* **AIM OF THE EXERCISE**:
Only lines containing the string "shows" belong in the answer; copy all of them from the entries.

*** Opening RECORDS SHOWN ***

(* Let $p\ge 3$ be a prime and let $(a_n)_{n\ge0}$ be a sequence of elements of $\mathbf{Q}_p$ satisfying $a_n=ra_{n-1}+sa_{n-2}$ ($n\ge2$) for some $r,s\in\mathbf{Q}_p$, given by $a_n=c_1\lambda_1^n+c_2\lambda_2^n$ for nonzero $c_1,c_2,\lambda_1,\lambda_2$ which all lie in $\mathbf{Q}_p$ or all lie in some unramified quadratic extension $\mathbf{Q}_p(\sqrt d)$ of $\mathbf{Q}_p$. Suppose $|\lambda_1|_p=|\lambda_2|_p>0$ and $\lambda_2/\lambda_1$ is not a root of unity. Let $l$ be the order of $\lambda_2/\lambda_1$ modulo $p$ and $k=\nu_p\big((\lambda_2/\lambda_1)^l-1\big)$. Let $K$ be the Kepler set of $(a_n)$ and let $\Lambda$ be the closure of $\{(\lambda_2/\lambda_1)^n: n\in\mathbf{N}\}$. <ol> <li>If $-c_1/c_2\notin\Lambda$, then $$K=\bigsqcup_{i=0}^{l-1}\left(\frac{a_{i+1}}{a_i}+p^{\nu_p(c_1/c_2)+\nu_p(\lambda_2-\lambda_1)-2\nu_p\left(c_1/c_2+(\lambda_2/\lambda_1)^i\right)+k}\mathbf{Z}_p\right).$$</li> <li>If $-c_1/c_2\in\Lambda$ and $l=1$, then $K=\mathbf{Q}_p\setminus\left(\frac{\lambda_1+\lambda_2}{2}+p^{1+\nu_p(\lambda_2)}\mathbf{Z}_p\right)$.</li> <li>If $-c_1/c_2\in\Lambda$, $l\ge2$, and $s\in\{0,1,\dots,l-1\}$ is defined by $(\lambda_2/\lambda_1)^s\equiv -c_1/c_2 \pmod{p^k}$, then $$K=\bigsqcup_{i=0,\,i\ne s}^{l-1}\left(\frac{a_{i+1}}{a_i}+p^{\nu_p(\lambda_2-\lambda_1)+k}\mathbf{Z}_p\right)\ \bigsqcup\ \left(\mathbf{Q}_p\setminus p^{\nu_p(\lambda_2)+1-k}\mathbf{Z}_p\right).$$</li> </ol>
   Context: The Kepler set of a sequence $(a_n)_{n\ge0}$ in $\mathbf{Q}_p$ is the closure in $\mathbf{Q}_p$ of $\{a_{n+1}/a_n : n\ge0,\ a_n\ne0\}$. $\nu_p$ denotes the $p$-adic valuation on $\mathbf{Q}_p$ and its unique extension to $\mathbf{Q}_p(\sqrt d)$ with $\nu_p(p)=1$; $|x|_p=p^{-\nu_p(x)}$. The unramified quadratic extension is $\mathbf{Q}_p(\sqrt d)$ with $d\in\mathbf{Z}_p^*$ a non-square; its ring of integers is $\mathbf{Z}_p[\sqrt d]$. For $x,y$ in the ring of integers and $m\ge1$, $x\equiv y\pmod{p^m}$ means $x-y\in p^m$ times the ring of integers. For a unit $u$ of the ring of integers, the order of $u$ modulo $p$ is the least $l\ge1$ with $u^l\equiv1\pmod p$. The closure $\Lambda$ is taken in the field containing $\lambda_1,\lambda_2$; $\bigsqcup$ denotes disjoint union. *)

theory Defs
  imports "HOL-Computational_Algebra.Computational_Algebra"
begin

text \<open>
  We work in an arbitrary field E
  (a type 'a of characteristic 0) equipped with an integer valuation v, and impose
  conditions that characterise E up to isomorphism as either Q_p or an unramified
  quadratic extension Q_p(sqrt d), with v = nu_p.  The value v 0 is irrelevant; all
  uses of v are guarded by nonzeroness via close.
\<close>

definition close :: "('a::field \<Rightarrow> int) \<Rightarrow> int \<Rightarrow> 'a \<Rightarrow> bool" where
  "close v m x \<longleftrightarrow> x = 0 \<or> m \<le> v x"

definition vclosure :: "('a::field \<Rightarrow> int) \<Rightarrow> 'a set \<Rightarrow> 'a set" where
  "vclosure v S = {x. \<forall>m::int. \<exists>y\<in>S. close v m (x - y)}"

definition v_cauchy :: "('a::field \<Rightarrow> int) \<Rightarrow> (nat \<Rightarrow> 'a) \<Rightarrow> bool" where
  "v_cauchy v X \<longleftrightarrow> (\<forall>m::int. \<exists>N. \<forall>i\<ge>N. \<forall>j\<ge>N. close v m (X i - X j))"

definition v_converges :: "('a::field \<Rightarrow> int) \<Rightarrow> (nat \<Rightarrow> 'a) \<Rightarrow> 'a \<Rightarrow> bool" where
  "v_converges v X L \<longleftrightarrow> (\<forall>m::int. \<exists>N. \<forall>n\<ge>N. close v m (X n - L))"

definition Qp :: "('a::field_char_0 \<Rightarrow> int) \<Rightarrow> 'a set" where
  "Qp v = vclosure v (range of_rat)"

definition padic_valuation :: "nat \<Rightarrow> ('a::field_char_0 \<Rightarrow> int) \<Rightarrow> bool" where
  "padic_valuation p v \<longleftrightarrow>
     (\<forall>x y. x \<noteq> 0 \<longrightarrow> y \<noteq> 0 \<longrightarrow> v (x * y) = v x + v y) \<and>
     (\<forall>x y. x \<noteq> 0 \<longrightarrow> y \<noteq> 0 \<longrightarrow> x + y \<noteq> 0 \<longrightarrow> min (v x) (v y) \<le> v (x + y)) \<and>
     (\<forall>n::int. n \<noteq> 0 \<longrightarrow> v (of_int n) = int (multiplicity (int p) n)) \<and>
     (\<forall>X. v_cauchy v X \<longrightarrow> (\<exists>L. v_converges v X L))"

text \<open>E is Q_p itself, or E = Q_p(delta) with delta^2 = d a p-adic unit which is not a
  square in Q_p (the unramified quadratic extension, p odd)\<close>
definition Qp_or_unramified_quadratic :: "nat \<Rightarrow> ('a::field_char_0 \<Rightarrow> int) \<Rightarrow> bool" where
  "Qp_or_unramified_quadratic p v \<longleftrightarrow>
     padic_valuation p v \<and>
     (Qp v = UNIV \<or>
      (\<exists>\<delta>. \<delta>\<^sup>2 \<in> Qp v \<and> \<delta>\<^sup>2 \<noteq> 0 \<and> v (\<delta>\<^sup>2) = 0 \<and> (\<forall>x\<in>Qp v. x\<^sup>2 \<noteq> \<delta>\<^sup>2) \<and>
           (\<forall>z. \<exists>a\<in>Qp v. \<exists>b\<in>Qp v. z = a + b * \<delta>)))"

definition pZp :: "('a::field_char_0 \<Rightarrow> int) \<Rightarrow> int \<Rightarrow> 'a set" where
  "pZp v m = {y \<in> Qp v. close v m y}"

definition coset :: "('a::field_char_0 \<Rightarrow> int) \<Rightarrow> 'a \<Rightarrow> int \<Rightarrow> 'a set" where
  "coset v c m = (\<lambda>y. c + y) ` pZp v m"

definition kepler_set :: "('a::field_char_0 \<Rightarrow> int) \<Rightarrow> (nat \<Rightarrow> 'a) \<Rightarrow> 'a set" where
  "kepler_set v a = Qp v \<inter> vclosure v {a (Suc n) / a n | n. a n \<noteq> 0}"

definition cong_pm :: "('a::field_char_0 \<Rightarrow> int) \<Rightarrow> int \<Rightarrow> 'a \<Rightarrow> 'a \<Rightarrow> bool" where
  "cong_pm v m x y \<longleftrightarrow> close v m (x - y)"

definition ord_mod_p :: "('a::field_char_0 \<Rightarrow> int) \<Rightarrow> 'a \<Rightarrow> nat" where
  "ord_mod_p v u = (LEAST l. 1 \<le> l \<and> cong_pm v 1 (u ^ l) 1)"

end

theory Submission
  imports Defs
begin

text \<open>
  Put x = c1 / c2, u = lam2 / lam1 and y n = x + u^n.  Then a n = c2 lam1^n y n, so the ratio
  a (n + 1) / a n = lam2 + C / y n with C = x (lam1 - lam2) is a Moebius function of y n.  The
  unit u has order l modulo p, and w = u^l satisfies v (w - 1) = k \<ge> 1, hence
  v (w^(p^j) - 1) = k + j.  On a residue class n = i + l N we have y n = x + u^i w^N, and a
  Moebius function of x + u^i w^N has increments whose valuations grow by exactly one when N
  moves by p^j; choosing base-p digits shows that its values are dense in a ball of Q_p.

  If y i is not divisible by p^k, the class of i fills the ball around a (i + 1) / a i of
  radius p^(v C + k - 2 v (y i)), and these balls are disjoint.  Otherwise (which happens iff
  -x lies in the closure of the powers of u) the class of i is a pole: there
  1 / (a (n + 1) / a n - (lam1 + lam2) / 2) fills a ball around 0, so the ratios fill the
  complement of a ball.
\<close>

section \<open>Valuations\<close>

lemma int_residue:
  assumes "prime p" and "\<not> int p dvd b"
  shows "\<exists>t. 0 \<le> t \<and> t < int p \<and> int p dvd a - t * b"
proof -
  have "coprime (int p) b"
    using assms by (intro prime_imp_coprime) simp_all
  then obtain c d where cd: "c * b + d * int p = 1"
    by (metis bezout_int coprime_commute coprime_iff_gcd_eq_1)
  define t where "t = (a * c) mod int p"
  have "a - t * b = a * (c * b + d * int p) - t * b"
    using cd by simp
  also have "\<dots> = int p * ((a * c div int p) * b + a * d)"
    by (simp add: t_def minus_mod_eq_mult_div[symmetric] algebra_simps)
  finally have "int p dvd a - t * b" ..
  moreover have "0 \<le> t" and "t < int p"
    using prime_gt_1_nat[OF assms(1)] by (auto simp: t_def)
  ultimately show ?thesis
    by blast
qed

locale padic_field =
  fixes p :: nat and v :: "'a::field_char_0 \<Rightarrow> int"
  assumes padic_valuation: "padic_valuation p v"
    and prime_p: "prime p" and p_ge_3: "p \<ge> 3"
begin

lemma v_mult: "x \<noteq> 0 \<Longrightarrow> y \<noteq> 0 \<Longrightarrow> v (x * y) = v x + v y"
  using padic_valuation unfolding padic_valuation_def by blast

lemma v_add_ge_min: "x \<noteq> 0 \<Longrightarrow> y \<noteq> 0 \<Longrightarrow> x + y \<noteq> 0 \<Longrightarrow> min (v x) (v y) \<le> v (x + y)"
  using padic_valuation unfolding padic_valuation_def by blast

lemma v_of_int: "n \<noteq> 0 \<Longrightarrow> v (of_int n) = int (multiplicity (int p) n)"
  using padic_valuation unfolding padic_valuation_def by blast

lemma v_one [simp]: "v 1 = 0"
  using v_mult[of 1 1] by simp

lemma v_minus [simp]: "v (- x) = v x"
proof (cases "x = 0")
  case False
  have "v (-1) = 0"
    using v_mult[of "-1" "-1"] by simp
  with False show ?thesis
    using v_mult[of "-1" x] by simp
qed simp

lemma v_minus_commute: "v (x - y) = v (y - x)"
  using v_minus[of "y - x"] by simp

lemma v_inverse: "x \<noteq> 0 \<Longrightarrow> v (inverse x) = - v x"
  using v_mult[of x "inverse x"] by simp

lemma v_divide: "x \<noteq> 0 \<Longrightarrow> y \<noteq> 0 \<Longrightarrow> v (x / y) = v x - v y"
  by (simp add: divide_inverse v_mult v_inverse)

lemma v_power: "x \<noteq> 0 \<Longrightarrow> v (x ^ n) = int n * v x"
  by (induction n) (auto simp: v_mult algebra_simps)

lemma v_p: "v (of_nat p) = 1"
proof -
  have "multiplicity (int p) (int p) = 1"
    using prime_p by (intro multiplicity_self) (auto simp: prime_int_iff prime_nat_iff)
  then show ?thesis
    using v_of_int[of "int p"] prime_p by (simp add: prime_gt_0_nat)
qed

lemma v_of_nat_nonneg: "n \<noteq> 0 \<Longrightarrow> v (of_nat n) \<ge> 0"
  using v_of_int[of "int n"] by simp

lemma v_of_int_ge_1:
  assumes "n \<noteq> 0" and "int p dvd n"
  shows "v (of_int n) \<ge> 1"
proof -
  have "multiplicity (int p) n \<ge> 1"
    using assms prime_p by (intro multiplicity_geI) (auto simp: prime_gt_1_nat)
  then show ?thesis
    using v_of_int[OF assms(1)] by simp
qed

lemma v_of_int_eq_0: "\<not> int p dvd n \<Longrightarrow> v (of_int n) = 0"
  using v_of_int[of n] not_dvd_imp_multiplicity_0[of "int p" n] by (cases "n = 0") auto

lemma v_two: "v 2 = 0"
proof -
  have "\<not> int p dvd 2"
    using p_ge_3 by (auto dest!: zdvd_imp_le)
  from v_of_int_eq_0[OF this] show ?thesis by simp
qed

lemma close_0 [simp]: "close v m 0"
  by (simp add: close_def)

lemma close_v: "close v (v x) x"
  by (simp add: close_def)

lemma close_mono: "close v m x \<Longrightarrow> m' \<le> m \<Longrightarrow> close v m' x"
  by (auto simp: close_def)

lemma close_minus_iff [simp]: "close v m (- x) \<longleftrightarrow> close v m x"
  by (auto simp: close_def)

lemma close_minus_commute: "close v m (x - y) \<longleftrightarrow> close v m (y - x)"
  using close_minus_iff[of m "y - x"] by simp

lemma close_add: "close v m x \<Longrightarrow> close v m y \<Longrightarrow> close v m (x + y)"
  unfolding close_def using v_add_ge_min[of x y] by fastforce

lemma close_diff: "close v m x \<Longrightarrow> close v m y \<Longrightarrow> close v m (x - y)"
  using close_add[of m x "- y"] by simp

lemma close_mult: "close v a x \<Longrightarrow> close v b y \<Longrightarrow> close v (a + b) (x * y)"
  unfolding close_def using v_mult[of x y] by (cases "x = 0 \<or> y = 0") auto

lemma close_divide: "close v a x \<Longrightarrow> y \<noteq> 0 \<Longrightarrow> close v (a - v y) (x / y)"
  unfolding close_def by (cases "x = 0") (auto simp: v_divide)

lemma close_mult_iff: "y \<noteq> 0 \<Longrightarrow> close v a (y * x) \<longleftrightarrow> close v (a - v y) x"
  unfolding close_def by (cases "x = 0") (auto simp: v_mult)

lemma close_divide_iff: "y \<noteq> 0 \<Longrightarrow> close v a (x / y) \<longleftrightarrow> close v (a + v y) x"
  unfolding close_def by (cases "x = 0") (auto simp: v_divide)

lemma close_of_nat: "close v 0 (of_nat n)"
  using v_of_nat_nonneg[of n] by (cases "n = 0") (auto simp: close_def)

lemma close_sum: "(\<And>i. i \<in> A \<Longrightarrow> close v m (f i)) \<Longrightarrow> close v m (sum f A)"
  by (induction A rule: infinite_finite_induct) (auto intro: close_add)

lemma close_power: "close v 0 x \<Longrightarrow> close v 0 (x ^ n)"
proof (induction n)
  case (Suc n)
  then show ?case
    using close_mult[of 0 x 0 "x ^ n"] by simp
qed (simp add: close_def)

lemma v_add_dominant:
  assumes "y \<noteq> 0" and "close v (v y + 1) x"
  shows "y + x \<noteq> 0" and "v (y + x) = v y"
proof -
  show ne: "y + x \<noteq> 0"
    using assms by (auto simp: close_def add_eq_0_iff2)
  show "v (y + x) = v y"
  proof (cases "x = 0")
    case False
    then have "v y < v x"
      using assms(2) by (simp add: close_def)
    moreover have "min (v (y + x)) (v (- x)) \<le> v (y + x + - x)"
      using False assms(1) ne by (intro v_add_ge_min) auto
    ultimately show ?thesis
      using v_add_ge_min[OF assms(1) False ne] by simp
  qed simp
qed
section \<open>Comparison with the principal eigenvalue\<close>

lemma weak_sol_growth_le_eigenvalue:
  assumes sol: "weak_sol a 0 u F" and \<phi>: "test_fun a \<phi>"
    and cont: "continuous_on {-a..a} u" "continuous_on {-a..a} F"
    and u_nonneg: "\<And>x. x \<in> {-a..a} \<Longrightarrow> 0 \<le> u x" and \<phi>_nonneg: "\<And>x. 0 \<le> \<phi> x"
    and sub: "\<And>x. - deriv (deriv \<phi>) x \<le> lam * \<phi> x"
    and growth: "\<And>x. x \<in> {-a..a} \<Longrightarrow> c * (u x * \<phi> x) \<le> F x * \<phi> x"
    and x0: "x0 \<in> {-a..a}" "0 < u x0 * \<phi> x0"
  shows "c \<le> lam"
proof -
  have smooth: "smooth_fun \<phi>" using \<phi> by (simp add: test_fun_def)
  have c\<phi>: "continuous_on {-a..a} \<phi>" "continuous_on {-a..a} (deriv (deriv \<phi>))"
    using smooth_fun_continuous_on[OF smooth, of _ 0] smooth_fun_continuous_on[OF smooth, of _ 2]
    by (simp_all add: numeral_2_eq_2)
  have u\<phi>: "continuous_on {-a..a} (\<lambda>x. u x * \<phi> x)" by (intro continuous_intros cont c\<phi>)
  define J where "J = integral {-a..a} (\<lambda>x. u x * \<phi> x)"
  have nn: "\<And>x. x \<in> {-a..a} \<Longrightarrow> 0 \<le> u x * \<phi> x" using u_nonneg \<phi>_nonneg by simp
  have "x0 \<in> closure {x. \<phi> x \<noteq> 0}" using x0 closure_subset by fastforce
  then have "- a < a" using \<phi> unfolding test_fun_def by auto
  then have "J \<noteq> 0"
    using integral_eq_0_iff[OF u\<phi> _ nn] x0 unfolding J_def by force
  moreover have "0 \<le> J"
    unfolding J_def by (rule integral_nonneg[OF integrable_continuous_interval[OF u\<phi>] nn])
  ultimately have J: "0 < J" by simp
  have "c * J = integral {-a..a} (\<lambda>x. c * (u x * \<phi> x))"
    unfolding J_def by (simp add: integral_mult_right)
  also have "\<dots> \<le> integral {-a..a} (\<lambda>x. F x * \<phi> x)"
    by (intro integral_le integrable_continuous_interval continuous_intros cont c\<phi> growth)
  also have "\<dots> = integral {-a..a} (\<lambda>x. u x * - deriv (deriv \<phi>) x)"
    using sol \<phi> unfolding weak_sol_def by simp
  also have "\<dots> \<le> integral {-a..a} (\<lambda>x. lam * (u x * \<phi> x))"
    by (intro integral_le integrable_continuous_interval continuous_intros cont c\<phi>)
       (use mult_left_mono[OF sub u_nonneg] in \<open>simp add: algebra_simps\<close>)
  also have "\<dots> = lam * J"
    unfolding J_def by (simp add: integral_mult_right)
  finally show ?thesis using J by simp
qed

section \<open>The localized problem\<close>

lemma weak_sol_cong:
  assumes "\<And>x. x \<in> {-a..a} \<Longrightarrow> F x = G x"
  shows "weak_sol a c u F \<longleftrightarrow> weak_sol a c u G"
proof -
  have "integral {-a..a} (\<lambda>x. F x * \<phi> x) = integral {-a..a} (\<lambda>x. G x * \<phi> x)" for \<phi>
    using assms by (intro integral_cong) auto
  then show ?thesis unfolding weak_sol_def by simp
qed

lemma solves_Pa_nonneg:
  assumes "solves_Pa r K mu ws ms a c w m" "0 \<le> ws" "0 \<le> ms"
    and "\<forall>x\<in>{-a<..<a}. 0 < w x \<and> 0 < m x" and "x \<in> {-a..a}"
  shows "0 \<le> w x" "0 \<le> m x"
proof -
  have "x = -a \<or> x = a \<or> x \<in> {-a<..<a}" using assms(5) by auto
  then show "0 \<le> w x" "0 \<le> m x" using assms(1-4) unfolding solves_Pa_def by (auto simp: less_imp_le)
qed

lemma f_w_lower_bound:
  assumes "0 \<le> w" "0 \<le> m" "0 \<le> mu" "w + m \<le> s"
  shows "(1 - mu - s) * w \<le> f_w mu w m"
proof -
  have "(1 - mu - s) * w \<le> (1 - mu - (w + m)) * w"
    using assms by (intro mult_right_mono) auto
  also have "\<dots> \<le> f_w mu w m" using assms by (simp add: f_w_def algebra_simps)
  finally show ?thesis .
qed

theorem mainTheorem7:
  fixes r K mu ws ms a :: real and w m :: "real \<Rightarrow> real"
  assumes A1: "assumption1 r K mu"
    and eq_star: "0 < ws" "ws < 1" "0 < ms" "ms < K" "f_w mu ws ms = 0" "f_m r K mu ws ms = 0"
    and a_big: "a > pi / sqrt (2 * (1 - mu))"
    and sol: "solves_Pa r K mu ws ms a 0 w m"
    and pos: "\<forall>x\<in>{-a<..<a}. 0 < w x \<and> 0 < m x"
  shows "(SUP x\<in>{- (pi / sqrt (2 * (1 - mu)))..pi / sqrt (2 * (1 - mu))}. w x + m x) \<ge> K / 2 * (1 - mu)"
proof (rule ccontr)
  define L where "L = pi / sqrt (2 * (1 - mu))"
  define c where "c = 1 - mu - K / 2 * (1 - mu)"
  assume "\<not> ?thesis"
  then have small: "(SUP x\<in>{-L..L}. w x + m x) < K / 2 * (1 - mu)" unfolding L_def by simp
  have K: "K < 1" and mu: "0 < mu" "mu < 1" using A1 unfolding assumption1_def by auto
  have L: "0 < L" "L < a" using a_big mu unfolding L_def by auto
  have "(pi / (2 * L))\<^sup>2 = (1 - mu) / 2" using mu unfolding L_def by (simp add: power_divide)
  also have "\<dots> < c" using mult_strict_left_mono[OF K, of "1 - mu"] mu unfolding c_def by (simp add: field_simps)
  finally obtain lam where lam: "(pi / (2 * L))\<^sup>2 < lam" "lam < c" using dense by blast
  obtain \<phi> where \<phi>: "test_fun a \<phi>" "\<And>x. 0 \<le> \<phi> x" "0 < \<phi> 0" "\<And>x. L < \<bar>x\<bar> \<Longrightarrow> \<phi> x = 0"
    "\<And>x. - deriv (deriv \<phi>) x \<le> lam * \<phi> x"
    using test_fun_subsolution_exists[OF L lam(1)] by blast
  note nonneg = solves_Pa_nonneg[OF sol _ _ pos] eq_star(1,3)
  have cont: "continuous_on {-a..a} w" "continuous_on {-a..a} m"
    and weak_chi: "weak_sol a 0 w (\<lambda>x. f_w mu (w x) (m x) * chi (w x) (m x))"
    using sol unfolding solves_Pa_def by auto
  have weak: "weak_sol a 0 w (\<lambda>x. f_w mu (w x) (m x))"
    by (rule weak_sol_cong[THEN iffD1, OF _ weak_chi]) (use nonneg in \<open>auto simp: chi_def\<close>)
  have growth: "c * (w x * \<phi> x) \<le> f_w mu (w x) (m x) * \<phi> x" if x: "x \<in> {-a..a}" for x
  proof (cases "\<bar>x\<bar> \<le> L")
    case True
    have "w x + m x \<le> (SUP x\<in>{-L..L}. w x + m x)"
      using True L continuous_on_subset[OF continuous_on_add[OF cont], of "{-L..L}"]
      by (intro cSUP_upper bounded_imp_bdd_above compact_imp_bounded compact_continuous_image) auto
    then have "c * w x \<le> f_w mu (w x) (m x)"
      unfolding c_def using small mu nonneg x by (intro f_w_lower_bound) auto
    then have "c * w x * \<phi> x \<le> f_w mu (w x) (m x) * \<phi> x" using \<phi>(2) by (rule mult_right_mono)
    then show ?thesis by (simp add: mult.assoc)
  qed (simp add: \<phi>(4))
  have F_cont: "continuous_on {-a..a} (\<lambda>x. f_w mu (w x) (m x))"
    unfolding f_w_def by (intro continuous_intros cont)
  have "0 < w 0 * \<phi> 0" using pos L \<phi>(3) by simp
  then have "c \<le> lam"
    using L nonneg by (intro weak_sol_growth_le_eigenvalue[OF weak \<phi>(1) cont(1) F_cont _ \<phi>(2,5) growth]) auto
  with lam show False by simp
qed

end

*** Closing RECORDS SHOWN ***

* **WRITTEN SOLUTION**:
  moves by p^j; choosing base-p digits shows that its values are dense in a ball of Q_p.
  shows "\<exists>t. 0 \<le> t \<and> t < int p \<and> int p dvd a - t * b"
  shows "v (of_int n) \<ge> 1"
  shows "y + x \<noteq> 0" and "v (y + x) = v y"
  shows "c \<le> lam"
  shows "weak_sol a c u F \<longleftrightarrow> weak_sol a c u G"
  shows "0 \<le> w x" "0 \<le> m x"
  shows "(1 - mu - s) * w \<le> f_w mu w m"
  shows "(SUP x\<in>{- (pi / sqrt (2 * (1 - mu)))..pi / sqrt (2 * (1 - mu))}. w x + m x) \<ge> K / 2 * (1 - mu)"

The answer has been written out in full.